Alice Munro, a Canadian master of the short story revered as a thorough but forgiving documenter of the human spirit, won the Nobel Prize in literature, the Swedish Academy said yesterday.

Munro is the first Canadian writer to receive the prestigious US$1.2 million award since Saul Bellow, who left for the US as a boy and won in 1976.

Seen as a modern Chekhov for her warmth, insight and compassion, she has captured a wide range of lives and personalities without passing judgment on her characters.

She is beloved among her peers, from Lorrie Moore and George Saunders to Margaret Atwood and Jonathan Franzen. She is equally admired by critics. She won a National Book Critics Circle prize for “Hateship, Friendship, Courtship, Loveship, Marriage,” and is a three-time winner of the Governor General’s prize, Canada’s highest literary honor.

“I knew I was in the running, yes, but I never thought I would win,” Munro said.

The award is likely to be the capstone to her career. Munro told Canada’s National Post in June that she was “probably not going to write anymore.”

The permanent secretary of the Swedish Academy, Peter Englund, said: “She has taken an art form, the short story, which has tended to come a little bit in the shadow behind the novel, and she has cultivated it almost to perfection.”
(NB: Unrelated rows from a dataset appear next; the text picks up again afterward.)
(* Let $M,N\in\mathbb{R}^{n\times n}$ be symmetric and assume there exists $\bar X\in\mathbb{R}^{n\times k}$ with $\bar X^\top N\bar X>0$. Then the following are equivalent: (i) $X^\top M X\ge 0$ for all $X\in\mathbb{R}^{n\times k}$ such that $X^\top N X\ge 0$; (ii) $X^\top M X\ge 0$ for all $X\in\mathbb{R}^{n\times k}$ such that $X^\top N X> 0$; (iii) there exists a scalar $\alpha\ge 0$ such that $M-\alpha N\ge 0$.
   Context: For symmetric matrices, $\ge 0$ means positive semidefinite and $>0$ means positive definite. *)

theory Defs
  imports "HOL-Analysis.Analysis"
begin

definition symmetric_mat :: "real^'m^'m \<Rightarrow> bool" where
  "symmetric_mat A \<longleftrightarrow> transpose A = A"

definition psd_mat :: "real^'m^'m \<Rightarrow> bool" where
  "psd_mat A \<longleftrightarrow> symmetric_mat A \<and> (\<forall>v. 0 \<le> v \<bullet> (A *v v))"

definition pd_mat :: "real^'m^'m \<Rightarrow> bool" where
  "pd_mat A \<longleftrightarrow> symmetric_mat A \<and> (\<forall>v. v \<noteq> 0 \<longrightarrow> 0 < v \<bullet> (A *v v))"

end

theory Submission
  imports Defs
begin

text \<open>Only quadratic forms of vectors matter, since \<open>v\<^sup>T (X\<^sup>T A X) v = (X v)\<^sup>T A (X v)\<close>, and
  every \<open>z\<close> with \<open>z\<^sup>T N z > 0\<close> lies in the range of some \<open>X\<close> with \<open>X\<^sup>T N X > 0\<close>, obtained
  from \<open>Xbar\<close> by a rank-one change. So (ii) says that \<open>z\<^sup>T M z \<ge> 0\<close> whenever \<open>z\<^sup>T N z > 0\<close>;
  perturbing \<open>z\<close> along a direction with \<open>x\<^sub>0\<^sup>T N x\<^sub>0 > 0\<close> and letting the perturbation
  vanish extends this to \<open>z\<^sup>T N z \<ge> 0\<close>. If \<open>x\<^sup>T N x > 0 > y\<^sup>T N y\<close>, the line \<open>y + t x\<close> meets
  the cone \<open>z\<^sup>T N z = 0\<close> at parameters \<open>t\<close> of both signs, where \<open>M\<close> is nonnegative; this
  gives \<open>y\<^sup>T M y / y\<^sup>T N y \<le> x\<^sup>T M x / x\<^sup>T N x\<close>. Hence the supremum \<open>\<alpha>\<close> of \<open>0\<close> and the
  ratios on the left satisfies \<open>M - \<alpha> N \<ge> 0\<close>.\<close>

definition qform :: "real^'n^'n \<Rightarrow> real^'n \<Rightarrow> real" where
  "qform A x = x \<bullet> (A *v x)"

lemma psd_mat_iff_qform: "psd_mat A \<longleftrightarrow> symmetric_mat A \<and> (\<forall>v. 0 \<le> qform A v)"
  by (simp add: psd_mat_def qform_def)

lemma pd_mat_iff_qform: "pd_mat A \<longleftrightarrow> symmetric_mat A \<and> (\<forall>v. v \<noteq> 0 \<longrightarrow> 0 < qform A v)"
  by (simp add: pd_mat_def qform_def)

lemma pd_imp_psd_mat: "pd_mat A \<Longrightarrow> psd_mat A"
  by (metis pd_mat_iff_qform psd_mat_iff_qform qform_def inner_zero_left order.refl less_imp_le)

lemma symmetric_mat_congruence:
  "symmetric_mat A \<Longrightarrow> symmetric_mat (transpose X ** A ** X)"
  unfolding symmetric_mat_def by (simp add: matrix_transpose_mul matrix_mul_assoc)

lemma symmetric_mat_diff_scaleR:
  "symmetric_mat A \<Longrightarrow> symmetric_mat B \<Longrightarrow> symmetric_mat (A - c *\<^sub>R B)"
  unfolding symmetric_mat_def by (simp add: transpose_def vec_eq_iff)

lemma qform_congruence:
  fixes X :: "real^'k^'n"
  shows "qform (transpose X ** A ** X) v = qform A (X *v v)"
proof -
  have "(transpose X ** A ** X) *v v = transpose X *v (A *v (X *v v))"
    by (simp add: matrix_vector_mul_assoc matrix_mul_assoc)
  then show ?thesis
    by (metis qform_def dot_lmul_matrix inner_commute transpose_matrix_vector)
qed

lemma qform_diff_scaleR: "qform (A - c *\<^sub>R B) x = qform A x - c * qform B x"
  by (simp add: qform_def matrix_vector_mult_diff_rdistrib
      scaleR_matrix_vector_assoc[symmetric] inner_diff_right)

lemma symmetric_mat_inner_commute:
  assumes "symmetric_mat A"
  shows "x \<bullet> (A *v y) = y \<bullet> (A *v x)"
proof -
  have "x \<bullet> (A *v y) = (x v* A) \<bullet> y"
    by (simp add: dot_lmul_matrix)
  also have "x v* A = A *v x"
    using assms transpose_matrix_vector[of A x] by (simp add: symmetric_mat_def)
  finally show ?thesis
    by (simp add: inner_commute)
qed

lemma qform_add_scaleR:
  assumes "symmetric_mat A"
  shows "qform A (x + t *\<^sub>R y) = qform A x + 2*t*(x \<bullet> (A *v y)) + t\<^sup>2 * qform A y"
  using symmetric_mat_inner_commute[OF assms, of y x]
  by (simp add: qform_def matrix_vector_right_distrib matrix_vector_mult_scaleR
      inner_add_left inner_add_right power2_eq_square algebra_simps)

lemma nonneg_quadratic_at_right_0:
  fixes a b c :: real
  assumes "\<forall>s>0. 0 \<le> a + b * s + c * s\<^sup>2"
  shows "0 \<le> a"
proof (rule tendsto_lowerbound)
  show "((\<lambda>s. a + b * s + c * s\<^sup>2) \<longlongrightarrow> a) (at_right 0)"
    by (auto intro!: tendsto_eq_intros)
  show "\<forall>\<^sub>F s in at_right 0. 0 \<le> a + b * s + c * s\<^sup>2"
    using assms eventually_at_right_less[of 0] by (auto elim: eventually_mono)
qed simp

lemma quadratic_has_roots_of_both_signs:
  fixes a b c :: real
  assumes "0 < a" and "c < 0"
  obtains t1 t2 where "0 < t1" "c + 2*t1*b + t1\<^sup>2*a = 0" "t2 < 0" "c + 2*t2*b + t2\<^sup>2*a = 0"
proof
  define D where "D = b\<^sup>2 - a*c"
  have "b\<^sup>2 < D" using assms by (simp add: D_def mult_pos_neg)
  then have sD: "\<bar>b\<bar> < sqrt D" by (metis real_sqrt_abs real_sqrt_less_iff)
  have sq: "(sqrt D)\<^sup>2 = D" using \<open>b\<^sup>2 < D\<close> by (smt (verit) real_sqrt_pow2 zero_le_power2)
  show "0 < (-b + sqrt D)/a" "(-b - sqrt D)/a < 0"
    using sD assms by (auto simp: divide_neg_pos)
  show "c + 2*((-b + sqrt D)/a)*b + ((-b + sqrt D)/a)\<^sup>2*a = 0"
       "c + 2*((-b - sqrt D)/a)*b + ((-b - sqrt D)/a)\<^sup>2*a = 0"
    using assms sq by (simp_all add: D_def field_simps power2_eq_square)
qed

lemma qform_nonneg_of_strict:
  assumes sM: "symmetric_mat M" and sN: "symmetric_mat N"
    and x0: "0 < qform N x0"
    and strict: "\<And>z. 0 < qform N z \<Longrightarrow> 0 \<le> qform M z"
    and z: "0 \<le> qform N z"
  shows "0 \<le> qform M z"
proof (cases "qform N z = 0")
  case False
  then show ?thesis using strict z by simp
next
  case z0: True
  define \<sigma> :: real where "\<sigma> = (if 0 \<le> z \<bullet> (N *v x0) then 1 else -1)"
  have \<sigma>: "\<sigma>\<^sup>2 = 1" "0 \<le> \<sigma> * (z \<bullet> (N *v x0))"
    by (auto simp: \<sigma>_def)
  have "\<forall>s>0. 0 \<le> qform M z + (2 * \<sigma> * (z \<bullet> (M *v x0))) * s + qform M x0 * s\<^sup>2"
  proof (intro allI impI)
    fix s :: real
    assume "0 < s"
    have "qform N (z + (\<sigma> * s) *\<^sub>R x0) = 2 * s * (\<sigma> * (z \<bullet> (N *v x0))) + s\<^sup>2 * qform N x0"
      using qform_add_scaleR[OF sN, of z "\<sigma> * s" x0] z0 \<sigma>(1)
      by (simp add: power_mult_distrib algebra_simps)
    also have "\<dots> > 0"
      using \<open>0 < s\<close> x0 \<sigma>(2) by (simp add: add_nonneg_pos)
    finally have "0 \<le> qform M (z + (\<sigma> * s) *\<^sub>R x0)"
      by (rule strict)
    then show "0 \<le> qform M z + (2 * \<sigma> * (z \<bullet> (M *v x0))) * s + qform M x0 * s\<^sup>2"
      using qform_add_scaleR[OF sM, of z "\<sigma> * s" x0] \<sigma>(1)
      by (simp add: power_mult_distrib algebra_simps)
  qed
  then show ?thesis
    by (rule nonneg_quadratic_at_right_0)
qed

lemma qform_ratio_bound:
  assumes sM: "symmetric_mat M" and sN: "symmetric_mat N"
    and nonneg: "\<And>z. 0 \<le> qform N z \<Longrightarrow> 0 \<le> qform M z"
    and x: "0 < qform N x" and y: "qform N y < 0"
  shows "qform M x / qform N x * qform N y \<le> qform M y"
proof -
  define \<alpha> where "\<alpha> = qform M x / qform N x"
  define b where "b = y \<bullet> (N *v x)"
  define e where "e = y \<bullet> (M *v x) - \<alpha> * b"
  define p where "p = qform M y - \<alpha> * qform N y"
  have on_roots: "0 \<le> p + 2 * t * e"
    if t: "qform N y + 2 * t * b + t\<^sup>2 * qform N x = 0" for t
  proof -
    have "qform N (y + t *\<^sub>R x) = 0"
      using qform_add_scaleR[OF sN, of y t x] t by (simp add: b_def)
    then have "0 \<le> qform M (y + t *\<^sub>R x)"
      by (simp add: nonneg)
    also have "qform M (y + t *\<^sub>R x) = p + 2 * t * e + \<alpha> * (qform N y + 2 * t * b + t\<^sup>2 * qform N x)"
      using qform_add_scaleR[OF sM, of y t x] x
      by (simp add: \<alpha>_def b_def e_def p_def algebra_simps)
    finally show ?thesis
      using t by simp
  qed
  obtain t1 t2 where "0 < t1" "t2 < 0"
    and "qform N y + 2 * t1 * b + t1\<^sup>2 * qform N x = 0"
    and "qform N y + 2 * t2 * b + t2\<^sup>2 * qform N x = 0"
    using quadratic_has_roots_of_both_signs[OF x y] by metis
  then have "0 \<le> p + 2 * t1 * e" "0 \<le> p + 2 * t2 * e"
    using on_roots by auto
  with \<open>0 < t1\<close> \<open>t2 < 0\<close> have "0 \<le> p"
    by (cases "0 \<le> e") (auto simp: mult_nonpos_nonneg mult_nonneg_nonpos intro: order_trans)
  then show ?thesis
    by (simp add: p_def \<alpha>_def)
qed

lemma s_lemma:
  assumes sM: "symmetric_mat M" and sN: "symmetric_mat N"
    and x0: "0 < qform N x0"
    and strict: "\<And>z. 0 < qform N z \<Longrightarrow> 0 \<le> qform M z"
  shows "\<exists>\<alpha>\<ge>0. psd_mat (M - \<alpha> *\<^sub>R N)"
proof -
  have nonneg: "0 \<le> qform M z" if "0 \<le> qform N z" for z
    using qform_nonneg_of_strict[OF sM sN x0 strict that] .
  define r where "r y = qform M y / qform N y" for y
  define S where "S = insert 0 (r ` {y. qform N y < 0})"
  have S_le_r: "s \<le> r x" if "s \<in> S" and x: "0 < qform N x" for s x
  proof -
    have "0 \<le> r x"
      using x nonneg by (simp add: r_def)
    moreover have "r y \<le> r x" if y: "qform N y < 0" for y
      using qform_ratio_bound[OF sM sN nonneg x y] y
      by (simp add: r_def neg_divide_le_eq)
    ultimately show ?thesis
      using \<open>s \<in> S\<close> by (auto simp: S_def)
  qed
  define \<alpha> where "\<alpha> = Sup S"
  have bdd: "bdd_above S"
    using S_le_r[OF _ x0] by (auto simp: bdd_above_def)
  have "0 \<le> \<alpha>"
    unfolding \<alpha>_def using bdd by (auto intro: cSup_upper simp: S_def)
  moreover have "0 \<le> qform M v - \<alpha> * qform N v" for v
  proof (cases "qform N v" "0 :: real" rule: linorder_cases)
    case less
    then have "r v \<le> \<alpha>"
      unfolding \<alpha>_def using bdd by (auto intro: cSup_upper simp: S_def)
    then show ?thesis
      using less by (simp add: r_def neg_divide_le_eq)
  next
    case equal
    then show ?thesis
      using nonneg by simp
  next
    case greater
    then have "\<alpha> \<le> r v"
      unfolding \<alpha>_def using S_le_r by (intro cSup_least) (auto simp: S_def)
    then show ?thesis
      using greater by (simp add: r_def pos_le_divide_eq)
  qed
  ultimately show ?thesis
    using sM sN by (auto simp: psd_mat_iff_qform qform_diff_scaleR symmetric_mat_diff_scaleR)
qed

lemma pd_congruence_through:
  fixes N :: "real^'n^'n" and Xbar :: "real^'k^'n"
  assumes sN: "symmetric_mat N"
    and pd: "pd_mat (transpose Xbar ** N ** Xbar)"
    and z: "0 < qform N z"
  obtains X :: "real^'k^'n" and d where "pd_mat (transpose X ** N ** X)" and "X *v d = z"
proof -
  define c where "c = transpose Xbar *v (N *v z)"
  define d :: "real^'k" where "d = (if c = 0 then 1 else c)"
  have "d \<noteq> 0"
    by (simp add: d_def vec_eq_iff)
  then have dd: "0 < d \<bullet> d"
    by simp
  define \<mu> where "\<mu> v = (d \<bullet> v) / (d \<bullet> d)" for v
  define f where "f v = Xbar *v (v - \<mu> v *\<^sub>R d) + \<mu> v *\<^sub>R z" for v
  have "linear f"
    unfolding f_def \<mu>_def
    by (rule linearI) (simp_all add: matrix_vector_right_distrib matrix_vector_mult_scaleR
        matrix_vector_mult_diff_distrib inner_add_right add_divide_distrib scaleR_add_left algebra_simps)
  define X :: "real^'k^'n" where "X = matrix f"
  have Xv: "X *v v = f v" for v
    using \<open>linear f\<close> by (simp add: X_def matrix_works)
  have "0 < qform N (f v)" if "v \<noteq> 0" for v
  proof -
    define w where "w = v - \<mu> v *\<^sub>R d"
    have "w \<bullet> d = 0"
      using dd by (simp add: w_def \<mu>_def inner_diff_left inner_commute[of v d])
    \<comment> \<open>\<open>d\<close> is a multiple of \<open>c\<close> or \<open>c = 0\<close>, so the cross term vanishes\<close>
    then have "(Xbar *v w) \<bullet> (N *v z) = 0"
      by (metis c_def d_def dot_lmul_matrix inner_commute inner_zero_right transpose_matrix_vector)
    then have "qform N (f v) = qform (transpose Xbar ** N ** Xbar) w + (\<mu> v)\<^sup>2 * qform N z"
      using qform_add_scaleR[OF sN, of "Xbar *v w" "\<mu> v" z]
      by (simp add: f_def w_def qform_congruence)
    moreover have "0 \<le> qform (transpose Xbar ** N ** Xbar) w"
      using pd by (cases "w = 0") (auto simp: pd_mat_iff_qform qform_def less_imp_le)
    moreover have "w \<noteq> 0 \<or> \<mu> v \<noteq> 0"
      using that by (auto simp: w_def)
    ultimately show ?thesis
      using pd z by (auto simp: pd_mat_iff_qform intro: add_pos_nonneg add_nonneg_pos)
  qed
  then have "pd_mat (transpose X ** N ** X)"
    using sN by (simp add: pd_mat_iff_qform symmetric_mat_congruence qform_congruence Xv)
  moreover have "X *v d = z"
    using dd by (simp add: Xv f_def \<mu>_def)
  ultimately show ?thesis
    using that by blast
qed

lemma psd_congruence_of_psd_diff:
  fixes X :: "real^'k^'n"
  assumes sM: "symmetric_mat M" and \<alpha>: "0 \<le> \<alpha>" and diff: "psd_mat (M - \<alpha> *\<^sub>R N)"
    and N: "psd_mat (transpose X ** N ** X)"
  shows "psd_mat (transpose X ** M ** X)"
proof -
  have "0 \<le> qform M u" if "0 \<le> qform N u" for u
    using \<alpha> diff that qform_diff_scaleR[of M \<alpha> N u]
    by (smt (verit) psd_mat_iff_qform mult_nonneg_nonneg)
  then show ?thesis
    using N sM by (simp add: psd_mat_iff_qform qform_congruence symmetric_mat_congruence)
qed

theorem theorem3:
  fixes M N :: "real^'n^'n"
    and Xbar :: "real^'k^'n"
  assumes "symmetric_mat M" and "symmetric_mat N"
    and "pd_mat (transpose Xbar ** N ** Xbar)"
  shows "((\<forall>X :: real^'k^'n. psd_mat (transpose X ** N ** X) \<longrightarrow> psd_mat (transpose X ** M ** X))
          \<longleftrightarrow> (\<forall>X :: real^'k^'n. pd_mat (transpose X ** N ** X) \<longrightarrow> psd_mat (transpose X ** M ** X)))
       \<and> ((\<forall>X :: real^'k^'n. pd_mat (transpose X ** N ** X) \<longrightarrow> psd_mat (transpose X ** M ** X))
          \<longleftrightarrow> (\<exists>\<alpha>::real. \<alpha> \<ge> 0 \<and> psd_mat (M - \<alpha> *\<^sub>R N)))"
proof -
  note sM = assms(1) and sN = assms(2) and pd = assms(3)
  let ?I = "\<forall>X :: real^'k^'n. psd_mat (transpose X ** N ** X) \<longrightarrow> psd_mat (transpose X ** M ** X)"
  let ?II = "\<forall>X :: real^'k^'n. pd_mat (transpose X ** N ** X) \<longrightarrow> psd_mat (transpose X ** M ** X)"
  let ?III = "\<exists>\<alpha>::real. \<alpha> \<ge> 0 \<and> psd_mat (M - \<alpha> *\<^sub>R N)"
  have "?I \<Longrightarrow> ?II"
    by (blast intro: pd_imp_psd_mat)
  moreover have "?III \<Longrightarrow> ?I"
    using psd_congruence_of_psd_diff[OF sM] by blast
  moreover have "?III" if ?II
  proof (rule s_lemma[OF sM sN])
    have "(1 :: real^'k) \<noteq> 0"
      by (simp add: vec_eq_iff)
    then show "0 < qform N (Xbar *v 1)"
      using pd by (simp add: pd_mat_iff_qform qform_congruence)
    show "0 \<le> qform M z" if "0 < qform N z" for z
    proof -
      obtain X :: "real^'k^'n" and d where "pd_mat (transpose X ** N ** X)" and "X *v d = z"
        using pd_congruence_through[OF sN pd \<open>0 < qform N z\<close>] .
      then show ?thesis
        using \<open>?II\<close> by (metis psd_mat_iff_qform qform_congruence)
    qed
  qed
  ultimately show ?thesis
    by blast
qed

end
Munro is the 13th female literature laureate in the 112-year history of the Nobel Prizes. Her published work often turns on the difference between Munro’s youth in Wingham, a conservative Canadian town west of Toronto, and her life after the social revolution of the 1960s.

She described the ‘60s as “wonderful.” It was “because, having been born in 1931, I was a little old, but not too old, and women like me after a couple of years were wearing miniskirts and prancing around,” she said.

Munro, the daughter of a fox farmer and a teacher, was a literary person in a nonliterary town, concealing her ambition like a forbidden passion.

“It was glory I was after ... walking the streets like an exile or a spy,” recalls the narrator of Munro’s “Lives of Girls and Women,” a novel published in 1971.

She received a scholarship to study at the University of Western Ontario, majoring in journalism, and was still an undergraduate when she sold a story to CBC radio in Canada. She dropped out of college to marry fellow student James Munro, had three children and became a full-time housewife. By her early 30s, she was so frightened and depressed she could barely write a full sentence.

Her good fortune was to open a bookstore with her husband, in 1963. Stimulated by everything from the conversation of adults to simply filling out invoices, her narrative talents resurfaced but her marriage collapsed. Her first collection, “Dance of the Happy Shades,” came out in 1968 and won the Governor’s prize.

She later married Gerald Fremlin, a geographer.

Among her best known stories is “The Bear Came Over the Mountain,” the story of a woman who begins losing her memory and agrees with her husband that she should be placed in a nursing home.

Some have called her “the greatest author in North America and yes I tend to agree with that,” said the academy’s Englund. “We’re not saying just that she can say a lot in just 20 pages, more than an average novel writer can, but also that she can cover ground. She can have a single short story that covers decades and it works.”